Icon for: Margery Hines

MARGERY HINES

Presenter’s IGERT
Northeastern
Years in Grad School: 3

Judges’
Choice

Modeling the Detection and Localization of Anti-Personnel Landmines using Ground-Contact Antennas for Ground-Penetrating Radar

In 2011, over 5,000 casualties due to landmines were reported worldwide, necessitating the development of effective detection techniques. Over the last few decades ground penetrating radar (GPR) has developed into a popular tool for subsurface imaging and a promising technique to fulfill this requirement. However, landmines are typically buried under rough ground surfaces where conventional air-coupled GPR data is difficult to analyze, as the surface scatters the signal in unpredictable ways. This is particularly true for small non-metallic mines which have very small radar contrast with the soil background. By utilizing a ground-contact radar system, wave penetration is dramatically improved and data analysis is simplified.

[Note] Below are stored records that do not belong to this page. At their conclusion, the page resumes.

lemma density_of_convergents_le_8_times:
  assumes "admissible p" and y: "y \<in> {0..1}" and z: "z \<in> {0..1}"
  shows "density_of_convergents p y \<le> 8 * density_of_convergents p z"
proof -
  obtain \<alpha> \<beta> \<gamma> \<delta> where p: "p = (\<alpha>, \<beta>, \<gamma>, \<delta>)" by (cases p) auto
  have h: "1 \<le> \<alpha>" "0 \<le> \<beta>" "\<beta> \<le> \<alpha>" "1 \<le> \<gamma>" "0 \<le> \<delta>" "\<delta> \<le> \<gamma>"
    using assms by (auto simp: admissible_def p)
  have y0: "0 \<le> y" "y \<le> 1" and z0: "0 \<le> z" "z \<le> 1" using y z by auto
  have py: "0 < \<alpha> + \<beta> * y" "0 < \<gamma> + \<delta> * y" and pz: "0 < \<alpha> + \<beta> * z" "0 < \<gamma> + \<delta> * z"
    using h y0 z0 by (auto intro!: add_pos_nonneg mult_nonneg_nonneg)
  have "\<beta> * z \<le> \<alpha>" "\<delta> * z \<le> \<gamma>" using h z0 by (metis mult_right_le_one_le order_trans)+
  then have "\<alpha> + \<beta> * z \<le> 2 * (\<alpha> + \<beta> * y)" "\<gamma> + \<delta> * z \<le> 2 * (\<gamma> + \<delta> * y)"
    using h y0 by (smt (verit) mult_nonneg_nonneg)+
  then have "1 / (\<alpha> + \<beta> * y) \<le> 2 / (\<alpha> + \<beta> * z)" "1 / (\<gamma> + \<delta> * y) \<le> 2 / (\<gamma> + \<delta> * z)"
    using py pz by (simp_all add: divide_simps)
  moreover have "1 + y \<le> 2 * (1 + z)" using y0 z0 by simp
  ultimately have "(1 + y) * (1 / (\<alpha> + \<beta> * y)) * (1 / (\<gamma> + \<delta> * y))
      \<le> (2 * (1 + z)) * (2 / (\<alpha> + \<beta> * z)) * (2 / (\<gamma> + \<delta> * z))"
    using py pz y0 by (intro mult_mono) auto
  then show ?thesis by (simp add: density_of_convergents_def p)
qed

This work demonstrates the feasibility of using three bistatic ground-coupled antennas to triangulate the location of a landmine buried in rough, dispersive soil using a geometric analysis. Additionally, the limitations of this method are analyzed with regard to the correlation length and height variance of the rough surface. In this work the received GPR data is simulated using a 3-dimensional finite-difference time-domain (FDTD) model. As shown in the results, the presented method is highly effective in both detecting and locating the target independent of the landmine casing and the surface parameters. Though this research currently focuses on localizing landmines, this technology will have numerous potential imaging applications for cases when traditional GPR cannot be used due to the roughness of the surface.